§ WHAT THE TASK REQUIRES: The answer is a number and nothing else: the count of lines in these entries containing the word "rule".

Items from a data source

(* Let $G$ be a finite simple graph with a perfect matching $M$ and let $\mathcal{C}$ be an optimal edge $2$-colouring of $G$; write $\mathrm{mcl}(u)$ for the colour of the edge of $M$ at vertex $u$. Let $F$ be a forest of rooted trees which is a subgraph of $G\setminus M$, with set of roots $R$ and set of leaves $L$, each tree equipped with a depth-first ordering, and let $\preceq$ be the induced partial order on $V(F)$ (see context). Suppose that for each $u\in R\cup L$, every edge of $F$ incident with $u$ has colour $\mathrm{mcl}(u)$. Then there exists a set $P=\{(u_i,v_i): i=1,\ldots,|L|\}$ of pairs of vertices of $F$ satisfying: (a) for $i\ne j$, $u_i\ne u_j$; (b) $u_i\prec v_i$ for all $1\le i\le |L|$; in particular the path $u_iFv_i$ exists; (c) $\mathrm{mcl}(u_i)=\mathrm{mcl}(v_i)$ for all $i$; (d) the path $u_iFv_i$ is monochromatic with all edges coloured $\mathrm{mcl}(u_i)$, for all $i$; (e) for every internal vertex $z$ of $u_iFv_i$, $\mathrm{mcl}(z)\ne\mathrm{mcl}(u_i)$, for all $i$; (f) for $i\ne j$ with $u_iv_i\in M$ and $u_jv_j\in M$, the paths $u_iFv_i$ and $u_jFv_j$ do not share an internal vertex.
   Context: $G\setminus M$ is the spanning subgraph of $G$ with edge set $E(G)\setminus M$. An edge $2$-colouring assigns colours to edges (not necessarily properly) so that every vertex sees at most $2$ distinct colours on its incident edges; optimal means it uses the maximum number of colours. In a rooted tree, leaves are the non-root vertices with no children; $R$ and $L$ are the unions over the trees of $F$ of their roots and leaves. For a rooted tree $T$ with a depth-first indexing $\mathrm{dfs}_T$ (descendants receive larger indices than their ancestors), the order $\preceq_T$ is $u\preceq_T v$ iff $\mathrm{dfs}_T(u)\ge \mathrm{dfs}_T(v)$. The partial order $\preceq$ on $V(F)$ restricts to $\preceq_T$ on each component tree $T$, and vertices in different trees are incomparable; $u\prec v$ means $u\preceq v$, $u\ne v$. $xFy$ denotes the unique $x$–$y$ path in $F$ (when $x,y$ lie in the same tree); its internal vertices are those other than $x,y$. *)

theory Defs
  imports Main
begin

definition simple_graph :: "'a set \<Rightarrow> 'a set set \<Rightarrow> bool" where
  "simple_graph V E \<longleftrightarrow> finite V \<and> E \<subseteq> {{x, y} | x y. x \<in> V \<and> y \<in> V \<and> x \<noteq> y}"

definition perfect_matching :: "'a set \<Rightarrow> 'a set set \<Rightarrow> 'a set set \<Rightarrow> bool" where
  "perfect_matching V E M \<longleftrightarrow> M \<subseteq> E \<and> (\<forall>v\<in>V. \<exists>!e. e \<in> M \<and> v \<in> e)"

text \<open>Edge 2-colouring: every vertex sees at most 2 distinct colours on incident edges.
  Colours are natural numbers (no loss of generality: a finite graph uses finitely many colours).\<close>
definition edge_2_colouring :: "'a set \<Rightarrow> 'a set set \<Rightarrow> ('a set \<Rightarrow> nat) \<Rightarrow> bool" where
  "edge_2_colouring V E c \<longleftrightarrow> (\<forall>v\<in>V. card (c ` {e \<in> E. v \<in> e}) \<le> 2)"

definition optimal_edge_2_colouring :: "'a set \<Rightarrow> 'a set set \<Rightarrow> ('a set \<Rightarrow> nat) \<Rightarrow> bool" where
  "optimal_edge_2_colouring V E c \<longleftrightarrow> edge_2_colouring V E c \<and>
     (\<forall>c'. edge_2_colouring V E c' \<longrightarrow> card (c' ` E) \<le> card (c ` E))"

definition mcl :: "'a set set \<Rightarrow> ('a set \<Rightarrow> nat) \<Rightarrow> 'a \<Rightarrow> nat" where
  "mcl M c u = c (THE e. e \<in> M \<and> u \<in> e)"

text \<open>The forest F has vertex set VF; par v = None means v is a root, par v = Some p means
  p is the parent of v.\<close>
definition parent_rel :: "'a set \<Rightarrow> ('a \<Rightarrow> 'a option) \<Rightarrow> ('a \<times> 'a) set" where
  "parent_rel VF par = {(v, p). v \<in> VF \<and> par v = Some p}"

definition rooted_forest :: "'a set \<Rightarrow> ('a \<Rightarrow> 'a option) \<Rightarrow> bool" where
  "rooted_forest VF par \<longleftrightarrow> finite VF \<and>
     (\<forall>v\<in>VF. \<forall>p. par v = Some p \<longrightarrow> p \<in> VF) \<and> acyclic (parent_rel VF par)"

definition forest_edges :: "'a set \<Rightarrow> ('a \<Rightarrow> 'a option) \<Rightarrow> 'a set set" where
  "forest_edges VF par = {{v, p} | v p. v \<in> VF \<and> par v = Some p}"

definition roots :: "'a set \<Rightarrow> ('a \<Rightarrow> 'a option) \<Rightarrow> 'a set" where
  "roots VF par = {v \<in> VF. par v = None}"

definition leaves :: "'a set \<Rightarrow> ('a \<Rightarrow> 'a option) \<Rightarrow> 'a set" where
  "leaves VF par = {v \<in> VF. par v \<noteq> None \<and> \<not> (\<exists>w\<in>VF. par w = Some v)}"

definition anc :: "'a set \<Rightarrow> ('a \<Rightarrow> 'a option) \<Rightarrow> 'a \<Rightarrow> 'a \<Rightarrow> bool" where
  "anc VF par u v \<longleftrightarrow> (v, u) \<in> (parent_rel VF par)\<^sup>*"

definition same_tree :: "'a set \<Rightarrow> ('a \<Rightarrow> 'a option) \<Rightarrow> 'a \<Rightarrow> 'a \<Rightarrow> bool" where
  "same_tree VF par x y \<longleftrightarrow> (\<exists>r\<in>VF. anc VF par r x \<and> anc VF par r y)"

text \<open>A depth-first (preorder) indexing of each tree: injective on each tree, ancestors get
  smaller indices than their proper descendants, and the descendants of every vertex form a
  contiguous block of indices starting at that vertex.\<close>
definition dfs_indexing :: "'a set \<Rightarrow> ('a \<Rightarrow> 'a option) \<Rightarrow> ('a \<Rightarrow> nat) \<Rightarrow> bool" where
  "dfs_indexing VF par dfs \<longleftrightarrow>
     (\<forall>x\<in>VF. \<forall>y\<in>VF. same_tree VF par x y \<and> dfs x = dfs y \<longrightarrow> x = y) \<and>
     (\<forall>u\<in>VF. \<forall>v\<in>VF. anc VF par u v \<and> u \<noteq> v \<longrightarrow> dfs u < dfs v) \<and>
     (\<forall>u\<in>VF. \<forall>v\<in>VF. \<forall>w\<in>VF. anc VF par u v \<and> same_tree VF par u w \<and>
         dfs u < dfs w \<and> dfs w < dfs v \<longrightarrow> anc VF par u w)"

definition forest_le :: "'a set \<Rightarrow> ('a \<Rightarrow> 'a option) \<Rightarrow> ('a \<Rightarrow> nat) \<Rightarrow> 'a \<Rightarrow> 'a \<Rightarrow> bool" where
  "forest_le VF par dfs u v \<longleftrightarrow> u \<in> VF \<and> v \<in> VF \<and> same_tree VF par u v \<and> dfs u \<ge> dfs v"

definition forest_less :: "'a set \<Rightarrow> ('a \<Rightarrow> 'a option) \<Rightarrow> ('a \<Rightarrow> nat) \<Rightarrow> 'a \<Rightarrow> 'a \<Rightarrow> bool" where
  "forest_less VF par dfs u v \<longleftrightarrow> forest_le VF par dfs u v \<and> u \<noteq> v"

text \<open>xs is a path from x to y in F (list of distinct vertices, consecutive ones adjacent in F).
  In a forest such a path is unique when it exists.\<close>
definition forest_path :: "'a set \<Rightarrow> ('a \<Rightarrow> 'a option) \<Rightarrow> 'a list \<Rightarrow> 'a \<Rightarrow> 'a \<Rightarrow> bool" where
  "forest_path VF par xs x y \<longleftrightarrow> xs \<noteq> [] \<and> hd xs = x \<and> last xs = y \<and> distinct xs \<and>
     (\<forall>i. Suc i < length xs \<longrightarrow> {xs ! i, xs ! Suc i} \<in> forest_edges VF par)"

definition path_edges :: "'a list \<Rightarrow> 'a set set" where
  "path_edges xs = {{xs ! i, xs ! Suc i} | i. Suc i < length xs}"

definition path_internal :: "'a list \<Rightarrow> 'a set" where
  "path_internal xs = set xs - {hd xs, last xs}"

end

theory Submission
  imports Defs
begin

(*
  Call a non-root vertex x up-matched if the edge to its parent has colour alpha = mcl x.
  From x climb towards the root along parent edges of colour alpha, passing only through
  vertices whose matching colour differs from alpha, and let a be the vertex where the climb
  stops. If mcl a = alpha, the partner of x is a. Otherwise a sees the colours alpha and mcl a;
  as the climb could not continue, the parent edge of a (which exists by the hypothesis on
  roots) has colour mcl a, so a is up-matched itself. The partner of x is then the dfs-first
  vertex y whose climb of the same colour stalls at a, joined to x through a.

  Only that dfs-first vertex can be its own partner, and it relays to a. Leaves are up-matched
  and never the top of a climb, so following relays from the leaves ends injectively in vertices
  with a proper partner: this gives |L| pairs. An internal vertex z of a path sees the climbing
  colour, which differs from mcl z; by the 2-colouring z determines that colour and hence the
  climb through z. Two pairs that are matching edges and share z thus share their second vertex,
  and coincide.
*)

lemma path_edges_subset_iff:
  "path_edges xs \<subseteq> S \<longleftrightarrow> successively (\<lambda>a b. {a, b} \<in> S) xs"
  unfolding path_edges_def successively_conv_nth by blast

lemma forest_path_iff:
  "forest_path VF par xs x y \<longleftrightarrow>
     xs \<noteq> [] \<and> hd xs = x \<and> last xs = y \<and> distinct xs \<and> path_edges xs \<subseteq> forest_edges VF par"
  unfolding forest_path_def path_edges_def by blast

lemma path_internal_in_path_edge:
  assumes "z \<in> path_internal xs"
  obtains e where "e \<in> path_edges xs" "z \<in> e"
proof -
  from assms have "z \<in> set xs" "z \<noteq> hd xs" by (auto simp: path_internal_def)
  then obtain k where k: "k < length xs" "xs ! k = z" "k \<noteq> 0"
    by (metis hd_conv_nth in_set_conv_nth list.size(3) not_less0)
  then have "{xs ! (k - 1), xs ! k} \<in> path_edges xs"
    unfolding path_edges_def by (intro CollectI exI[of _ "k - 1"]) auto
  with k that show ?thesis by blast
qed

lemma successively_join_at_last:
  assumes xs: "xs \<noteq> []" "distinct xs" "successively R xs"
    and ys: "ys \<noteq> []" "distinct ys" "successively R ys"
    and last: "last xs = last ys" and R_sym: "\<And>a b. R a b \<Longrightarrow> R b a"
  obtains zs where "zs \<noteq> []" "hd zs = hd xs" "last zs = hd ys" "distinct zs"
    "successively R zs" "set zs \<subseteq> set xs \<union> set ys"
proof -
  have "\<exists>w\<in>set xs. w \<in> set ys"
    using last_in_set[OF xs(1)] last_in_set[OF ys(1)] last by auto
  then obtain xs1 w xs2
    where xs_split: "xs = xs1 @ w # xs2" "w \<in> set ys" "\<forall>a\<in>set xs1. a \<notin> set ys"
    using split_list_first_prop[of xs "\<lambda>w. w \<in> set ys"] by blast
  obtain ys1 ys2 where ys_split: "ys = ys1 @ w # ys2"
    using split_list[OF xs_split(2)] by blast
  have "successively R (xs1 @ [w])"
    using xs(3) xs_split(1) successively_append_iff[of R "xs1 @ [w]" xs2] by simp
  moreover have "successively R (ys1 @ [w])"
    using ys(3) ys_split successively_append_iff[of R "ys1 @ [w]" ys2] by simp
  then have "successively R (rev (ys1 @ [w]))"
    unfolding successively_rev by (rule successively_mono) (rule R_sym)
  ultimately have "successively R (xs1 @ w # rev ys1)"
    by (auto simp: successively_append_iff)
  moreover have "distinct (xs1 @ w # rev ys1)"
    using xs(2) ys(2) xs_split ys_split by auto
  moreover have "hd (xs1 @ w # rev ys1) = hd xs" "last (xs1 @ w # rev ys1) = hd ys"
    using xs_split(1) ys_split by (cases xs1; cases ys1; simp)+
  moreover have "set (xs1 @ w # rev ys1) \<subseteq> set xs \<union> set ys"
    using xs_split(1) ys_split by auto
  ultimately show ?thesis by (intro that) auto
qed

lemma rtrancl_imp_successively:
  assumes "(a, b) \<in> r\<^sup>*"
  shows "\<exists>xs. xs \<noteq> [] \<and> hd xs = a \<and> last xs = b \<and> successively (\<lambda>x y. (x, y) \<in> r) xs \<and>
    (\<forall>z\<in>set xs. (z, b) \<in> r\<^sup>*)"
  using assms
proof (induction rule: converse_rtrancl_induct)
  case base
  show ?case by (intro exI[of _ "[b]"]) simp
next
  case (step a a')
  then obtain xs where "xs \<noteq> []" "hd xs = a'" "last xs = b" "successively (\<lambda>x y. (x, y) \<in> r) xs"
      "\<forall>z\<in>set xs. (z, b) \<in> r\<^sup>*" by blast
  with step.hyps show ?case
    by (intro exI[of _ "a # xs"]) (auto simp: successively_Cons intro: converse_rtrancl_into_rtrancl)
qed

lemma successively_trancl:
  "successively (\<lambda>x y. (x, y) \<in> r) (x # xs) \<Longrightarrow> z \<in> set xs \<Longrightarrow> (x, z) \<in> r\<^sup>+"
  by (induction xs arbitrary: x) (auto simp: successively_Cons intro: trancl_into_trancl2)

lemma distinct_if_successively_acyclic:
  "successively (\<lambda>x y. (x, y) \<in> r) xs \<Longrightarrow> acyclic r \<Longrightarrow> distinct xs"
proof (induction xs)
  case (Cons x xs)
  have "x \<notin> set xs"
    using successively_trancl[OF Cons.prems(1)] Cons.prems(2) by (auto simp: acyclic_def)
  with Cons show ?case by (auto simp: successively_Cons)
qed simp

lemma single_valued_terminal_unique:
  assumes "single_valued r" "(z, a) \<in> r\<^sup>*" "(z, b) \<in> r\<^sup>*" "a \<notin> Domain r" "b \<notin> Domain r"
  shows "a = b"
  using single_valued_confluent[OF assms(1-3)] assms(4,5) by (auto elim: converse_rtranclE)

§ EXERCISE RESULT: 2